━━ Input data ━━

definition species_of_tree :: "nat \<Rightarrow> nat set set \<Rightarrow> bool" where
  "species_of_tree n R \<longleftrightarrow>
     {1..n} \<in> R \<and>
     (\<forall>T\<in>R. T \<subseteq> {1..n} \<and> card T \<ge> 2) \<and>
     (\<forall>T\<in>R. \<forall>U\<in>R. T \<inter> U = {} \<or> T \<subseteq> U \<or> U \<subseteq> T)"

definition is_tree :: "nat \<Rightarrow> nat set set \<Rightarrow> (nat set \<Rightarrow> rat) \<Rightarrow> bool" where
  "is_tree n R \<gamma> \<longleftrightarrow> species_of_tree n R \<and> (\<forall>T\<in>R. T \<noteq> {1..n} \<longrightarrow> \<gamma> T > 0)"

definition AT :: "nat set \<Rightarrow> nat \<Rightarrow> nat \<Rightarrow> rat" where
  "AT T i j = (if i \<noteq> j \<and> i \<in> T \<and> j \<in> T then -1
               else if i = j \<and> i \<in> T then of_nat (card T) - 1 else 0)"

end

theory Submission
  imports Defs
begin

text \<open>Put \<open>d = -A\<close>. Exceptionality says that in every triangle the minimum of \<open>d\<close> is attained
  twice, so \<open>d\<close> is an ultra-similarity and its clusters \<open>{y. r \<le> d x y}\<close> are pairwise disjoint or
  nested. By induction on the number of off-diagonal values, truncating \<open>d\<close> at its second largest
  value \<open>v\<close> gives a cluster tree of \<open>min d v\<close>, and adding the clusters of the top level \<open>M\<close> with
  weight \<open>M - v\<close> gives one of \<open>d\<close>. Its weights reproduce \<open>A\<close> off the diagonal; the diagonal then
  follows because \<open>A\<close> has row sums \<open>s\<close> and every \<open>A(T)\<close> has row sums \<open>0\<close>.\<close>

definition ultra_similarity_on :: "'a set \<Rightarrow> ('a \<Rightarrow> 'a \<Rightarrow> 'b::linorder) \<Rightarrow> bool" where
  "ultra_similarity_on S d \<longleftrightarrow>
     (\<forall>i\<in>S. \<forall>j\<in>S. \<forall>k\<in>S. i \<noteq> j \<and> j \<noteq> k \<and> i \<noteq> k \<longrightarrow> min (d i j) (d j k) \<le> d i k)"

lemma ultra_similarity_onD:
  assumes "ultra_similarity_on S d" "i \<in> S" "j \<in> S" "k \<in> S" "i \<noteq> j" "j \<noteq> k" "i \<noteq> k"
  shows "min (d i j) (d j k) \<le> d i k"
  using assms unfolding ultra_similarity_on_def by simp

definition symmetric_on :: "'a set \<Rightarrow> ('a \<Rightarrow> 'a \<Rightarrow> 'b) \<Rightarrow> bool" where
  "symmetric_on S d \<longleftrightarrow> (\<forall>i\<in>S. \<forall>j\<in>S. d i j = d j i)"

definition cluster :: "'a set \<Rightarrow> ('a \<Rightarrow> 'a \<Rightarrow> 'b::linorder) \<Rightarrow> 'a \<Rightarrow> 'b \<Rightarrow> 'a set" where
  "cluster S d x r = {y\<in>S. y = x \<or> r \<le> d x y}"

definition clusters_at :: "'a set \<Rightarrow> ('a \<Rightarrow> 'a \<Rightarrow> 'b::linorder) \<Rightarrow> 'b \<Rightarrow> 'a set set" where
  "clusters_at S d r = {cluster S d x r | x. x \<in> S \<and> 2 \<le> card (cluster S d x r)}"

definition offdiag_values :: "'a set \<Rightarrow> ('a \<Rightarrow> 'a \<Rightarrow> 'b) \<Rightarrow> 'b set" where
  "offdiag_values S d = {d i j | i j. i \<in> S \<and> j \<in> S \<and> i \<noteq> j}"

definition cluster_tree ::
    "'a set \<Rightarrow> ('a \<Rightarrow> 'a \<Rightarrow> 'b::linordered_ab_group_add) \<Rightarrow> 'a set set \<Rightarrow> ('a set \<Rightarrow> 'b) \<Rightarrow> bool" where
  "cluster_tree S d R \<gamma> \<longleftrightarrow>
     S \<in> R \<and>
     (\<forall>T\<in>R. 2 \<le> card T \<and> (\<exists>x\<in>S. \<exists>r. T = cluster S d x r)) \<and>
     (\<forall>T\<in>R. T \<noteq> S \<longrightarrow> 0 < \<gamma> T) \<and>
     (\<forall>i\<in>S. \<forall>j\<in>S. i \<noteq> j \<longrightarrow> d i j = (\<Sum>T\<in>{T\<in>R. i \<in> T \<and> j \<in> T}. \<gamma> T)) \<and>
     \<gamma> S = Min (offdiag_values S d)"

lemma card_ge_2_obtain_other:
  assumes "2 \<le> card A" "x \<in> A"
  obtains y where "y \<in> A" "y \<noteq> x"
proof -
  have "\<not> A \<subseteq> {x}"
    using card_mono[of "{x}" A] assms(1) by auto
  thus thesis using that by blast
qed

subsection \<open>Clusters of an ultra-similarity\<close>

lemma cluster_subset: "cluster S d x r \<subseteq> S"
  unfolding cluster_def by blast

lemma mem_cluster_imp_mem: "y \<in> cluster S d x r \<Longrightarrow> y \<in> S"
  unfolding cluster_def by simp

lemma center_in_cluster: "x \<in> S \<Longrightarrow> x \<in> cluster S d x r"
  unfolding cluster_def by blast

lemma mem_cluster_iff: "j \<in> S \<Longrightarrow> i \<noteq> j \<Longrightarrow> j \<in> cluster S d i r \<longleftrightarrow> r \<le> d i j"
  unfolding cluster_def by auto

lemma cluster_antimono: "r \<le> r' \<Longrightarrow> cluster S d x r' \<subseteq> cluster S d x r"
  unfolding cluster_def by auto

lemma cluster_subset_cluster_of_member:
  assumes "ultra_similarity_on S d" "x \<in> S" "y \<in> cluster S d x r"
  shows "cluster S d y r \<subseteq> cluster S d x r"
proof
  fix z assume z: "z \<in> cluster S d y r"
  show "z \<in> cluster S d x r"
  proof (cases "z = x \<or> y = x \<or> z = y")
    case True
    thus ?thesis using assms(2,3) z unfolding cluster_def by blast
  next
    case False
    hence "y \<in> S" "z \<in> S" "r \<le> d x y" "r \<le> d y z"
      using assms(3) z unfolding cluster_def by auto
    moreover have "min (d x y) (d y z) \<le> d x z"
      using ultra_similarity_onD[OF assms(1,2)] False calculation(1,2) by blast
    ultimately have "r \<le> d x z"
      by (metis min.boundedI order.trans)
    thus ?thesis using \<open>z \<in> S\<close> unfolding cluster_def by blast
  qed
qed

lemma symmetric_onD: "symmetric_on S d \<Longrightarrow> i \<in> S \<Longrightarrow> j \<in> S \<Longrightarrow> d i j = d j i"
  unfolding symmetric_on_def by simp

lemma cluster_recenter:
  assumes "ultra_similarity_on S d" "symmetric_on S d" "x \<in> S" "y \<in> cluster S d x r"
  shows "cluster S d y r = cluster S d x r"
proof
  show "cluster S d y r \<subseteq> cluster S d x r"
    by (rule cluster_subset_cluster_of_member[OF assms(1,3,4)])
  have "y \<in> S" using mem_cluster_imp_mem[OF assms(4)] .
  have "x \<in> cluster S d y r"
  proof (cases "y = x")
    case True
    thus ?thesis using center_in_cluster[OF assms(3)] by simp
  next
    case False
    hence "r \<le> d x y" using assms(4) mem_cluster_iff[OF \<open>y \<in> S\<close> not_sym[OF False], of d r] by simp
    thus ?thesis
      using mem_cluster_iff[OF assms(3) False, of d r] symmetric_onD[OF assms(2,3) \<open>y \<in> S\<close>] by simp
  qed
  thus "cluster S d x r \<subseteq> cluster S d y r"
    by (rule cluster_subset_cluster_of_member[OF assms(1) \<open>y \<in> S\<close>])
qed

lemma cluster_nested:
  assumes "ultra_similarity_on S d" "symmetric_on S d" "x \<in> S" "y \<in> S"
  shows "cluster S d x r \<inter> cluster S d y r' = {} \<or>
    cluster S d x r \<subseteq> cluster S d y r' \<or> cluster S d y r' \<subseteq> cluster S d x r"
proof (cases "cluster S d x r \<inter> cluster S d y r' = {}")
  case False
  then obtain z where z: "z \<in> cluster S d x r" "z \<in> cluster S d y r'" by blast
  have "cluster S d x r = cluster S d z r" "cluster S d y r' = cluster S d z r'"
    using cluster_recenter[OF assms(1,2)] assms(3,4) z by metis+
  thus ?thesis
    using cluster_antimono nle_le by metis
qed simp

lemma le_in_cluster:
  assumes "ultra_similarity_on S d" "symmetric_on S d" "x \<in> S"
    and "i \<in> cluster S d x r" "j \<in> cluster S d x r" "i \<noteq> j"
  shows "r \<le> d i j"
proof -
  have "j \<in> cluster S d i r"
    using cluster_recenter[OF assms(1-4)] assms(5) by simp
  thus ?thesis using assms(6) unfolding cluster_def by auto
qed

lemma mem_clusters_atE:
  assumes "T \<in> clusters_at S d r"
  obtains x where "x \<in> S" "T = cluster S d x r"
  using assms unfolding clusters_at_def by blast

lemma clusters_at_containing:
  assumes "ultra_similarity_on S d" "symmetric_on S d" "finite S"
    and "i \<in> S" "j \<in> S" "i \<noteq> j"
  shows "{T \<in> clusters_at S d r. i \<in> T \<and> j \<in> T} = (if r \<le> d i j then {cluster S d i r} else {})"
proof (cases "r \<le> d i j")
  case True
  have ij: "i \<in> cluster S d i r" "j \<in> cluster S d i r"
    using True center_in_cluster[OF assms(4), of d r] mem_cluster_iff[OF assms(5,6), of d r] by simp_all
  have "card {i, j} \<le> card (cluster S d i r)"
    using card_mono[OF finite_subset[OF cluster_subset[of S d i r] assms(3)]] ij by simp
  hence "cluster S d i r \<in> clusters_at S d r"
    using assms(4,6) unfolding clusters_at_def by auto
  have "{T \<in> clusters_at S d r. i \<in> T \<and> j \<in> T} = {cluster S d i r}"
  proof (rule set_eqI, rule iffI)
    fix T assume T: "T \<in> {T \<in> clusters_at S d r. i \<in> T \<and> j \<in> T}"
    then obtain x where "x \<in> S" "T = cluster S d x r"
      by (auto elim: mem_clusters_atE)
    thus "T \<in> {cluster S d i r}"
      using T cluster_recenter[OF assms(1,2) \<open>x \<in> S\<close>, of i r] by simp
  qed (use ij \<open>cluster S d i r \<in> clusters_at S d r\<close> in simp)
  thus ?thesis using True by simp
next
  case False
  have "\<not> (i \<in> T \<and> j \<in> T)" if T: "T \<in> clusters_at S d r" for T
  proof
    assume ij: "i \<in> T \<and> j \<in> T"
    obtain x where "x \<in> S" "T = cluster S d x r"
      using T by (rule mem_clusters_atE)
    hence "r \<le> d i j"
      using le_in_cluster[OF assms(1,2) \<open>x \<in> S\<close>, of i r j] ij assms(6) by simp
    thus False using False by simp
  qed
  thus ?thesis using False by auto
qed

lemma ultra_similarity_on_min_trunc:
  "ultra_similarity_on S d \<Longrightarrow> ultra_similarity_on S (\<lambda>i j. min (d i j) v)"
  unfolding ultra_similarity_on_def by (metis min.mono min.idem min.assoc min.commute order_refl)

lemma symmetric_on_min_trunc:
  "symmetric_on S d \<Longrightarrow> symmetric_on S (\<lambda>i j. min (d i j) v)"
  unfolding symmetric_on_def by simp

lemma cluster_min_trunc:
  "r \<le> v \<Longrightarrow> cluster S (\<lambda>i j. min (d i j) v) x r = cluster S d x r"
  unfolding cluster_def by auto

lemma offdiag_values_min_trunc:
  fixes d :: "'a \<Rightarrow> 'a \<Rightarrow> 'b::linorder"
  assumes "v \<in> offdiag_values S d"
  shows "offdiag_values S (\<lambda>i j. min (d i j) v) = {t \<in> offdiag_values S d. t \<le> v}"
proof
  show "offdiag_values S (\<lambda>i j. min (d i j) v) \<subseteq> {t \<in> offdiag_values S d. t \<le> v}"
  proof
    fix t assume "t \<in> offdiag_values S (\<lambda>i j. min (d i j) v)"
    then obtain i j where "i \<in> S" "j \<in> S" "i \<noteq> j" "t = min (d i j) v"
      unfolding offdiag_values_def by blast
    moreover have "min (d i j) v \<in> offdiag_values S d"
      using assms calculation unfolding offdiag_values_def min_def by auto
    ultimately show "t \<in> {t \<in> offdiag_values S d. t \<le> v}" by simp
  qed
  show "{t \<in> offdiag_values S d. t \<le> v} \<subseteq> offdiag_values S (\<lambda>i j. min (d i j) v)"
    unfolding offdiag_values_def by (force simp: min.absorb1)
qed

lemma offdiag_valuesI: "i \<in> S \<Longrightarrow> j \<in> S \<Longrightarrow> i \<noteq> j \<Longrightarrow> d i j \<in> offdiag_values S d"
  unfolding offdiag_values_def by blast

lemma finite_offdiag_values: "finite S \<Longrightarrow> finite (offdiag_values S d)"
proof -
  assume "finite S"
  have "offdiag_values S d \<subseteq> (\<lambda>(i, j). d i j) ` (S \<times> S)"
    unfolding offdiag_values_def by auto
  thus ?thesis using \<open>finite S\<close> by (simp add: finite_subset)
qed

lemma offdiag_values_nonempty:
  assumes "2 \<le> card S"
  shows "offdiag_values S d \<noteq> {}"
proof -
  obtain x where "x \<in> S" using assms by fastforce
  moreover obtain y where "y \<in> S" "y \<noteq> x"
    using card_ge_2_obtain_other[OF assms \<open>x \<in> S\<close>] .
  ultimately show ?thesis unfolding offdiag_values_def by blast
qed
(* Suppose the equation of state is asymptotically polytropic with $n_0=3$. Then no orbit of the system lying in the interior of the cube $(0,1)^3$ converges as $\lambda\to+\infty$ to the fixed point $P_1=(U,Q,\Omega)=(0,1/2,0)$. Consequently every orbit from the interior of the cube has $P_2=(0,1,0)$ as its $\omega$-limit.
   Context: Equation of state: $\rho=\rho(p)$ with $\rho>0$ for $p>0$, $\eta(p)=\int_0^p dp'/\rho(p')$ finite; index function $n(\eta)=\frac{\eta}{\rho}\frac{d\rho}{d\eta}$; asymptotically polytropic: $n$ is $C^1$ on $(0,\infty)$, bounded and non-negative, $n(\eta)-n_0=O(\eta^{a_0})$ as $\eta\to0$, $n(\eta)-n_1=O(\eta^{-a_1})$ as $\eta\to\infty$, $a_0,a_1>0$. The system on $[0,1]^3$ is $\frac{dU}{d\lambda}=U(1-U)[(1-Q)(3-4U)-n(\Omega)Q(1-U)]$, $\frac{dQ}{d\lambda}=Q(1-Q)[(2U-1)(1-Q)+Q(1-U)]$, $\frac{d\Omega}{d\lambda}=-a\Omega(1-\Omega)Q(1-U)$, with $0<a<\min(a_0,a_1)$ and $n(\Omega)=n(\eta)$ at $\eta=(\Omega/(1-\Omega))^{1/a}$, $n(0)=n_0$, $n(1)=n_1$. At $P_1$, for $n_0=3$, the linearization has a one-dimensional center subspace. *)

theory Defs
  imports "HOL-Analysis.Analysis" "HOL-Library.Landau_Symbols"
begin

definition asymptotically_polytropic ::
  "(real \<Rightarrow> real) \<Rightarrow> real \<Rightarrow> real \<Rightarrow> real \<Rightarrow> real \<Rightarrow> bool" where
  "asymptotically_polytropic n n0 n1 a0 a1 \<longleftrightarrow>
     n C1_differentiable_on {0<..} \<and>
     bounded (n ` {0<..}) \<and>
     (\<forall>\<eta>>0. 0 \<le> n \<eta>) \<and>
     a0 > 0 \<and> a1 > 0 \<and>
     (\<lambda>\<eta>. n \<eta> - n0) \<in> O[at_right 0](\<lambda>\<eta>. \<eta> powr a0) \<and>
     (\<lambda>\<eta>. n \<eta> - n1) \<in> O[at_top](\<lambda>\<eta>. \<eta> powr (- a1))"

definition nOmega :: "(real \<Rightarrow> real) \<Rightarrow> real \<Rightarrow> real \<Rightarrow> real \<Rightarrow> real \<Rightarrow> real" where
  "nOmega n n0 n1 a \<Omega> =
     (if \<Omega> = 0 then n0 else if \<Omega> = 1 then n1
      else n ((\<Omega> / (1 - \<Omega>)) powr (1 / a)))"

definition field :: "(real \<Rightarrow> real) \<Rightarrow> real \<Rightarrow> real \<Rightarrow> real \<Rightarrow>
    real \<times> real \<times> real \<Rightarrow> real \<times> real \<times> real" where
  "field n n0 n1 a p = (case p of (U, Q, \<Omega>) \<Rightarrow>
     (U * (1 - U) * ((1 - Q) * (3 - 4 * U) - nOmega n n0 n1 a \<Omega> * Q * (1 - U)),
      Q * (1 - Q) * ((2 * U - 1) * (1 - Q) + Q * (1 - U)),
      - a * \<Omega> * (1 - \<Omega>) * Q * (1 - U)))"

definition open_cube :: "(real \<times> real \<times> real) set" where
  "open_cube = {0<..<1} \<times> {0<..<1} \<times> {0<..<1}"

definition omega_limit :: "(real \<Rightarrow> 'a::topological_space) \<Rightarrow> 'a set" where
  "omega_limit x = {p. \<exists>s::nat \<Rightarrow> real. filterlim s at_top sequentially \<and>
                        ((x \<circ> s) \<longlongrightarrow> p) sequentially}"

end

theory Submission
  imports Defs "HOL-Real_Asymp.Real_Asymp"
begin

━━━

Task prompt
Write out exactly, please, the lines beginning at the start of the material and ending with the line that holds "set \<Rightarrow> (nat", both included.

Response area
definition species_of_tree :: "nat \<Rightarrow> nat set set \<Rightarrow> bool" where
  "species_of_tree n R \<longleftrightarrow>
     {1..n} \<in> R \<and>
     (\<forall>T\<in>R. T \<subseteq> {1..n} \<and> card T \<ge> 2) \<and>
     (\<forall>T\<in>R. \<forall>U\<in>R. T \<inter> U = {} \<or> T \<subseteq> U \<or> U \<subseteq> T)"

definition is_tree :: "nat \<Rightarrow> nat set set \<Rightarrow> (nat set \<Rightarrow> rat) \<Rightarrow> bool" where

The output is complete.